Throughout the week over at Securities Docket I highlight the most interesting columns and blog posts from around the web on the subjects of SEC enforcement and securities litigation. Here is a digest of my picks for the week ending November 2.

M&A Litigation: A Potential Partial Solution to a Big Problem

Douglas W. Greene, D&O Discourse

I doubt I need to convince many people, including a great many plaintiffs' lawyers, that the explosion of M&A cases is a problem.  The problem, of course, is not that shareholders bring lawsuits challenging mergers.  Challenges to transactions based on problematic processes, such as the one at issue in Smith v. Van Gorkom, have improved corporate decision-making.  Rather, the problem is that virtually every acquisition of a public company draws a lawsuit, even though very few transactions are actually problematic, and most cases are filed very quickly, before plaintiffs' lawyers could possibly have enough information to decide whether the case might have merit.

The result is spurious and wasteful litigation.  But very few cases present significant risk, so the vast majority of cases present a simple nuisance that can be resolved through painless additions to the proxy statement and a relatively small payment to the plaintiffs' lawyers.  Although companies that are sued bemoan the macro M&A-case problem, each individual company understandably focuses on its own case, and the vast majority conclude that it's best to settle it rather than defend it to the bitter end.  Collectively, however, the M&A-case problem is significant and needs to be addressed.

Judge Rakoff and the Emperor's New Clothes

Ifrah Law, Crime In The Suites

On October 24, 2012, U.S. District Judge Jed Rakoff sentenced Rajat Gupta to 24 months after he was found guilty by a jury of one count of conspiracy and three counts of substantive securities fraud, in connection with providing material non-public information to convicted inside trader Raj Rajratnam. This two-year prison sentence was substantially below the applicable advisory range under the United States Sentencing Guidelines and, in the week since that ruling, much has been said about whether or not this sentence was appropriate.

But the most remarkable part of Judge Rakoff's sentencing ruling was his unflinching analysis of the way in which the application of the Sentencing Guidelines to white collar fraud cases does not reflect empirical analysis about those offenses or those who commit them – an argument that defense counsel have been making for some time with mixed success.

Judging if Wiretaps Are Necessary

Peter J. Henning, DealBook

"Necessity” is a simple word that means “an imperative requirement or need for something.” In Raj Rajaratnam's appeal of his convictions for conspiracy and insider trading that will be heard on Thursday by the United States Court of Appeals for the Second Circuit, the critical issue will be whether the government established that it needed to use wiretaps because other avenues of investigation were not fruitful….

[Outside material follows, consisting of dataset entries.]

lemma rhs_term_difference:
  assumes "k \<le> Suc m"
  shows "(- ((-1)^(Suc m)) * (of_nat m + 2) / 6) * rhs_term (Suc m) k
      - ((-1)^(Suc m) * (of_nat m + 1) / 6) * rhs_term m k
      - (of_nat m + 1) * (of_nat m + 2) * (8 * of_nat m + 17) * prod_term (Suc m) k
    = rhs_cert m (Suc k) - rhs_cert m k"
proof -
  have "(-3 :: rat)^(Suc m - k) = (-1)^(Suc m - k) * 3^(Suc m - k)"
    by (simp flip: power_mult_distrib)
  then have sign: "(-3 :: rat)^(Suc m - k) = (-1)^(Suc m) * (-1)^k * 3^(Suc m - k)"
    by (simp only: neg_one_power_diff[OF assms])
  have A0: "(of_nat (m choose k) :: rat) * 3^(m - k) * 3 * (of_nat m + 1)
      = of_nat (Suc m choose k) * (of_nat m + 1 - of_nat k) * 3^(Suc m - k)"
    using of_nat_choose_mult_power_Suc[of m k "3 :: rat"] by simp
  have B1: "(of_nat (Suc (Suc m) + k choose k) :: rat) * (of_nat m + 2)
      = (of_nat m + of_nat k + 2) * of_nat (Suc m + k choose k)"
    using of_nat_Suc_choose_mult[of "Suc m + k" k, where 'a = rat] by (simp add: algebra_simps)
  have Ak1: "(of_nat (Suc m choose Suc k) :: rat) * (-3)^(Suc m - Suc k) * (-3) * (of_nat k + 1)
      = of_nat (Suc m choose k) * (of_nat m + 1 - of_nat k) * ((-1)^(Suc m) * (-1)^k * 3^(Suc m - k))"
    using of_nat_choose_Suc_mult_power[of "Suc m" k "-3 :: rat"] unfolding sign by simp
  have Bk1: "(of_nat (Suc m + Suc k choose Suc k) :: rat) * (of_nat k + 1)
      = of_nat (Suc (Suc m) + k choose k) * (of_nat m + 2)"
    using of_nat_choose_Suc_mult[of "Suc m + Suc k" k, where 'a = rat] by (simp add: algebra_simps)
  have Cat: "catalan k * (of_nat k + 1) = of_nat (2 * k choose k)"
    by (simp add: catalan_def field_simps add_pos_nonneg flip: of_nat_Suc)
  have Q: "(-2 * (2 * of_nat m + 3) * of_nat m / 3) * 3 = (-2 * (2 * of_nat m + 3) * of_nat m :: rat)"
    by simp
  have Suc_m_k: "Suc m + k + 1 = Suc (Suc m) + k"
    by simp
  have of_nat_Suc_eqs: "(of_nat (Suc k) :: rat) = of_nat k + 1"
      "(of_nat (Suc (Suc m)) :: rat) = of_nat m + 2" "(of_nat (Suc m) :: rat) = of_nat m + 1"
    by simp_all
  show ?thesis
    unfolding rhs_term_def prod_term_def rhs_cert_def sq_term_def sign Suc_m_k of_int_a_coef
      of_nat_Suc_eqs
    by (rule rhs_difference_identity[OF _ _ A0 B1 Ak1 Bk1 of_nat_central_binomial_Suc Cat _ _ Q])
      simp_all
qed
lemma tmat_mult_add_right:
  "dim_col A = dim_row B \<Longrightarrow> dim_row B = dim_row C \<Longrightarrow> dim_col B = dim_col C \<Longrightarrow>
   A \<star> (B + C) = A \<star> B + A \<star> C"
  by (rule eq_matI) (auto simp: tmult_add_right sum.distrib)

lemma tmat_mult_one_left [simp]: "dim_row A = n \<Longrightarrow> 1\<^sub>m n \<star> A = A"
  by (rule eq_matI) (auto simp: if_distrib[of "\<lambda>x. tmult q x _"] cong: if_cong)

lemma tmat_mult_one_right [simp]: "dim_col A = n \<Longrightarrow> A \<star> 1\<^sub>m n = A"
  by (rule eq_matI) (auto simp: if_distrib[of "tmult q _"] cong: if_cong)

lemma tmat_mult_zero_left [simp]: "dim_row B = m \<Longrightarrow> 0\<^sub>m n m \<star> B = 0\<^sub>m n (dim_col B)"
  by (rule eq_matI) auto

lemma tmat_mult_zero_right [simp]: "dim_col A = m \<Longrightarrow> A \<star> 0\<^sub>m m l = 0\<^sub>m (dim_row A) l"
  by (rule eq_matI) auto

lemma tmat_mult_smult_left: "([:c:] \<cdot>\<^sub>m A) \<star> B = [:c:] \<cdot>\<^sub>m (A \<star> B)"
  by (rule eq_matI) (auto simp: tmult_const_mult_left sum_distrib_left simp del: mult_pCons_left)

lemma tmat_mult_smult_right:
  "c \<in> Fq q \<Longrightarrow> dim_col A = dim_row B \<Longrightarrow>
   A \<star> ([:c:] \<cdot>\<^sub>m B) = [:c:] \<cdot>\<^sub>m (A \<star> B)"
  by (rule eq_matI) (auto simp: tmult_const_mult_right sum_distrib_left simp del: mult_pCons_left)
lemma span_indicators_pair_orbits:
  assumes "finite S" and invol: "\<And>x. \<sigma> (\<sigma> x) = x" and closed: "\<And>x. x \<in> S \<Longrightarrow> \<sigma> x \<in> S"
    and f: "\<forall>x. x \<notin> S \<longrightarrow> f x = 0" "\<forall>x. f (\<sigma> x) = f x"
  shows "f \<in> fun_vs.span ((\<lambda>C. indicator C) ` pair_orbits \<sigma> S)"
proof -
  \<comment> \<open>\<open>f\<close> is constant on each orbit, so any point of the orbit gives its coefficient.\<close>
  have "f = (\<Sum>C\<in>pair_orbits \<sigma> S. (\<lambda>x. f (SOME y. y \<in> C) * indicator C x))"
  proof
    fix x
    show "f x = (\<Sum>C\<in>pair_orbits \<sigma> S. (\<lambda>x. f (SOME y. y \<in> C) * indicator C x)) x"
    proof (cases "x \<in> S")
      case False
      then have "indicator C x = (0 :: complex)" if "C \<in> pair_orbits \<sigma> S" for C
        using that closed by (auto simp: pair_orbits_def indicator_def)
      then show ?thesis
        using f False by (simp add: sum_fun_apply)
    next
      case True
      have "(SOME y. y \<in> {x, \<sigma> x}) \<in> {x, \<sigma> x}"
        by (rule someI[of _ x]) simp
      then have "f (SOME y. y \<in> {x, \<sigma> x}) = f x"
        using f by auto
      then have "f (SOME y. y \<in> C) * indicator C x = (if C = {x, \<sigma> x} then f x else 0)"
        if "C \<in> pair_orbits \<sigma> S" for C
        using pair_orbits_eq[OF invol that, of x] by (cases "x \<in> C") auto
      then show ?thesis
        using True \<open>finite S\<close> by (simp add: sum_fun_apply pair_orbits_def cong: sum.cong)
    qed
  qed
  also have "\<dots> \<in> fun_vs.span ((\<lambda>C. indicator C) ` pair_orbits \<sigma> S)"
    by (intro fun_vs.span_sum fun_vs.span_scale fun_vs.span_base) auto
  finally show ?thesis .
qed

lemma dim_invariant_functions_involution:
  assumes "finite S" and invol: "\<And>x. \<sigma> (\<sigma> x) = x" and closed: "\<And>x. x \<in> S \<Longrightarrow> \<sigma> x \<in> S"
  shows "vector_space.dim (\<lambda>(c::complex) f x. c * f x)
           {f. (\<forall>x. x \<notin> S \<longrightarrow> f x = 0) \<and> (\<forall>x. f (\<sigma> x) = f x)}
         = card (pair_orbits \<sigma> S)"
proof -
  let ?I = "{f :: 'a \<Rightarrow> complex. (\<forall>x. x \<notin> S \<longrightarrow> f x = 0) \<and> (\<forall>x. f (\<sigma> x) = f x)}"
  let ?B = "(\<lambda>C. indicator C :: 'a \<Rightarrow> complex) ` pair_orbits \<sigma> S"
  have "?B \<subseteq> ?I"
  proof
    fix f
    assume "f \<in> ?B"
    then obtain x where "x \<in> S" and f: "f = indicator {x, \<sigma> x}"
      by (auto simp: pair_orbits_def)
    moreover have "\<sigma> y \<in> {x, \<sigma> x} \<longleftrightarrow> y \<in> {x, \<sigma> x}" for y
      by (metis insert_iff singletonD invol)
    ultimately show "f \<in> ?I"
      using closed by (auto simp: indicator_def)
  qed
  moreover have "?I \<subseteq> fun_vs.span ?B"
    using span_indicators_pair_orbits[OF assms] by blast
  moreover have "fun_vs.independent ?B"
  proof (rule independent_indicators_disjoint)
    show "C \<noteq> {}" if "C \<in> pair_orbits \<sigma> S" for C
      using that by (auto simp: pair_orbits_def)
  qed (rule pair_orbits_disjoint[OF invol])
  ultimately have "card ?B = fun_vs.dim ?I"
    by (rule fun_vs.basis_card_eq_dim)
  moreover have "inj_on (\<lambda>C. indicator C :: 'a \<Rightarrow> complex) (pair_orbits \<sigma> S)"
    by (rule inj_onI)
      (metis indicator_eq_0_iff indicator_eq_1_iff subsetI subset_antisym zero_neq_one)
  ultimately show ?thesis
    by (simp add: card_image)
qed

If a wiretap was not properly authorized, the statute prohibits using the evidence at a trial. For Mr. Rajaratnam, that would lead to reversal of his convictions because the wiretaps were crucial to proving the case.

Proposals to Address the M&A-Related Litigation Problem

Kevin LaCroix, The D & O Diary

Although there are many aspects of the M&A litigation problem, the paper focuses its proposed solutions on the multiple jurisdiction litigation issue, in part because it is “a principal source of the trial lawyers' settlement leverage.” ….

In order to address these issues, the paper suggests three possible legislative reforms (not necessarily mutually exclusive) at the federal level. First, the paper suggests that Congress could “enact a statute requiring all merger-related litigation to be brought in the state of incorporation of the defendant company.” …. Second, the paper suggests that Congress could amend the “carve outs” in SLUSA and CAPA to required that class actions brought under the carve-outs “may be filed only in the courts of the defendant company's state of incorporation.”  Third, to address the fact that many of these merger related lawsuits are brought in federal court, the paper suggests that Congress could enact legislation providing that any lawsuits relating to mergers or acquisitions that are brought in federal court should be transferred immediately to a federal court for the district containing the state capital.

SEC Lays Out Standards for 102(e) Proceedings

David Smyth, Cady Bar the Door

One of my favorite things as a legal researcher is when a court does my work for me.  It doesn't happen often, but sometimes a court takes a complicated subject and outlines the law with sufficient supporting authority to give comfort that by studying the opinion, readers have gotten a good start on understanding that law.  The SEC essentially did that last month in a contested administrative proceeding concerning SEC Rule of Practice 102(e).